India: RBI tells banks not to make 'mockery' of its lending operations
India's central bank is reportedly getting tougher on extending unlimited credit to the nation's banks, to ensure lenders push interest rate cuts through the financial system and to prevent them from making what one official has called a "mockery" of its operations.
India's commercial banks borrow from Reserve Bank of India (RBI) at the policy rate, but then lend that money out at a higher rate, in what RBI chief Raghuram Rajan describes as a culture of "lazy banking".
The RBI argues, this reduces the efficacy of its monetary policy decisions and that cheap funding rates for banks are not passed on to retail and corporate borrowers just when Asia's third-largest economy is trying to recover from a slowdown.
Only three of 45 commercial banks have cut base lending rates since the RBI's unexpected easing this month, hurting New Delhi's drive to boost business investment.
However, deficient in means to penalise banks beyond verbal arm-twisting, analysts told Reuters RBI will struggle to change banks' behaviour, with only a few incentives left like changing the timings of fund infusions to earlier in the day when cash needs are higher.

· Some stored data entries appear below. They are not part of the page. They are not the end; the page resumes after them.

lemma dominated_linear_graph_extend:
  fixes p :: "'v::real_vector \<Rightarrow> real"
  assumes p_add: "\<And>x y. p (x + y) \<le> p x + p y"
    and p_scale: "\<And>c x. c > 0 \<Longrightarrow> p (c *\<^sub>R x) = c * p x"
    and G: "dominated_linear_graph p G" and zero: "(0, 0) \<in> G"
    and x0: "x0 \<notin> Domain G"
  obtains c where "dominated_linear_graph p {(y + t *\<^sub>R x0, a + t * c) | y a t. (y, a) \<in> G}"
proof -
  note G_single = dominated_linear_graphD(1)[OF G]
    and G_add = dominated_linear_graphD(2)[OF G]
    and G_scale = dominated_linear_graphD(3)[OF G]
  obtain c where c_ge: "\<And>u a. (u, a) \<in> G \<Longrightarrow> a - p (u - x0) \<le> c"
    and c_le: "\<And>w b. (w, b) \<in> G \<Longrightarrow> c \<le> p (w + x0) - b"
    using dominated_linear_graph_separating_value[OF p_add G zero] by blast
  define G' where "G' = {(y + t *\<^sub>R x0, a + t * c) | y a t. (y, a) \<in> G}"
  have "dominated_linear_graph p G'"
    unfolding dominated_linear_graph_def single_valued_def
  proof (intro conjI allI impI)
    fix x a b assume "(x, a) \<in> G'" "(x, b) \<in> G'"
    then obtain y1 a1 t1 y2 a2 t2 where e: "x = y1 + t1 *\<^sub>R x0" "a = a1 + t1 * c" "(y1, a1) \<in> G"
        "x = y2 + t2 *\<^sub>R x0" "b = a2 + t2 * c" "(y2, a2) \<in> G"
      unfolding G'_def by blast
    have "t1 = t2"
    proof (rule ccontr)
      assume "t1 \<noteq> t2"
      have "(y1 + (-1) *\<^sub>R y2, a1 + (-1) * a2) \<in> G" using G_add[OF e(3) G_scale[OF e(6)]] .
      from G_scale[OF this, of "inverse (t2 - t1)"]
      have "(inverse (t2 - t1) *\<^sub>R (y1 - y2), inverse (t2 - t1) * (a1 - a2)) \<in> G" by simp
      moreover have "y1 - y2 = (t2 - t1) *\<^sub>R x0" using e(1,4) by (simp add: algebra_simps)
      ultimately show False using x0 \<open>t1 \<noteq> t2\<close> by (auto simp: Domain_iff)
    qed
    then show "a = b" using e G_single by auto
  next
    fix x a y b assume "(x, a) \<in> G'" "(y, b) \<in> G'"
    then obtain y1 a1 t1 y2 a2 t2 where e: "x = y1 + t1 *\<^sub>R x0" "a = a1 + t1 * c" "(y1, a1) \<in> G"
        "y = y2 + t2 *\<^sub>R x0" "b = a2 + t2 * c" "(y2, a2) \<in> G"
      unfolding G'_def by blast
    have "x + y = (y1 + y2) + (t1 + t2) *\<^sub>R x0" "a + b = (a1 + a2) + (t1 + t2) * c"
      using e by (simp_all add: algebra_simps)
    then show "(x + y, a + b) \<in> G'" unfolding G'_def using G_add[OF e(3) e(6)] by blast
  next
    fix x a r assume "(x, a) \<in> G'"
    then obtain y1 a1 t1 where e: "x = y1 + t1 *\<^sub>R x0" "a = a1 + t1 * c" "(y1, a1) \<in> G"
      unfolding G'_def by blast
    have "r *\<^sub>R x = r *\<^sub>R y1 + (r * t1) *\<^sub>R x0" "r * a = r * a1 + (r * t1) * c"
      using e by (simp_all add: algebra_simps)
    then show "(r *\<^sub>R x, r * a) \<in> G'" unfolding G'_def using G_scale[OF e(3)] by blast
  next
    fix x a assume "(x, a) \<in> G'"
    then show "a \<le> p x"
      unfolding G'_def
      using dominated_linear_graph_adjoin_le[OF p_scale G _ c_ge c_le] by blast
  qed
  then show thesis using that unfolding G'_def by blast
qed
(* Let $\Lambda=\mathbb{Z}\oplus\mathbb{Z}\tau\subset\mathbb{C}$ with $\mathrm{Im}\,\tau>0$, $|\Lambda|$ its covolume, and $\psi$ a character of $\Lambda$. For $x>0$ let $Z(x,\Lambda,\psi)=\sum_{0\ne\mu\in\Lambda,\ |\mu|^2\le x}\psi(\mu)/|\mu|^2$. (1) If $\psi$ is trivial, there is a constant $\eta_\Lambda$ depending only on $\Lambda$ such that $Z(x,\Lambda,\psi)=\frac{\pi}{|\Lambda|}(\ln x+\eta_\Lambda)+O(x^{-1/2})$ as $x\to\infty$. (2) If $\psi$ is nontrivial, the limit $L(\Lambda,\psi)=\lim_{x\to\infty}Z(x,\Lambda,\psi)$ exists and $Z(x,\Lambda,\psi)=L(\Lambda,\psi)+O(x^{-1/2})$ as $x\to\infty$.
   Context: A character of the lattice $\Lambda$ is a homomorphism $\psi:\Lambda\to\{w\in\mathbb{C}:|w|=1\}$ (a one-dimensional unitary representation). *)

theory Defs
  imports "HOL-Analysis.Analysis" "HOL-Library.Landau_Symbols"
begin

definition lattice :: "complex \<Rightarrow> complex set" where
  "lattice \<tau> = {of_int m + of_int n * \<tau> | m n. True}"

definition covolume :: "complex \<Rightarrow> real" where
  "covolume \<tau> = \<bar>Im \<tau>\<bar>"

definition is_character :: "complex \<Rightarrow> (complex \<Rightarrow> complex) \<Rightarrow> bool" where
  "is_character \<tau> \<psi> \<longleftrightarrow>
     (\<forall>\<mu>\<in>lattice \<tau>. norm (\<psi> \<mu>) = 1) \<and>
     (\<forall>\<mu>\<in>lattice \<tau>. \<forall>\<nu>\<in>lattice \<tau>. \<psi> (\<mu> + \<nu>) = \<psi> \<mu> * \<psi> \<nu>)"

definition Zsum :: "real \<Rightarrow> complex \<Rightarrow> (complex \<Rightarrow> complex) \<Rightarrow> complex" where
  "Zsum x \<tau> \<psi> = (\<Sum>\<mu>\<in>{\<mu>\<in>lattice \<tau>. \<mu> \<noteq> 0 \<and> (cmod \<mu>)\<^sup>2 \<le> x}. \<psi> \<mu> / of_real ((cmod \<mu>)\<^sup>2))"

end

An RBI official told Reuters: "They have made a mockery of our monetary policy transmission framework."
A second official with knowledge of the central bank's views said RBI wanted to end a "whenever you want, you come" mentality that many lenders had regarding funding.
"It is not actually the responsibility of the central bank to always keep the tap open."
Pursued by IBTimes UK, an RBI spokeswoman did not respond to an email seeking comment.
Indian banks have grown used to easy overnight funding because the RBI was previously seen as always willing to pump funds, a practice that Rajan mocked as "bailing out the banking system" and thereafter curbed.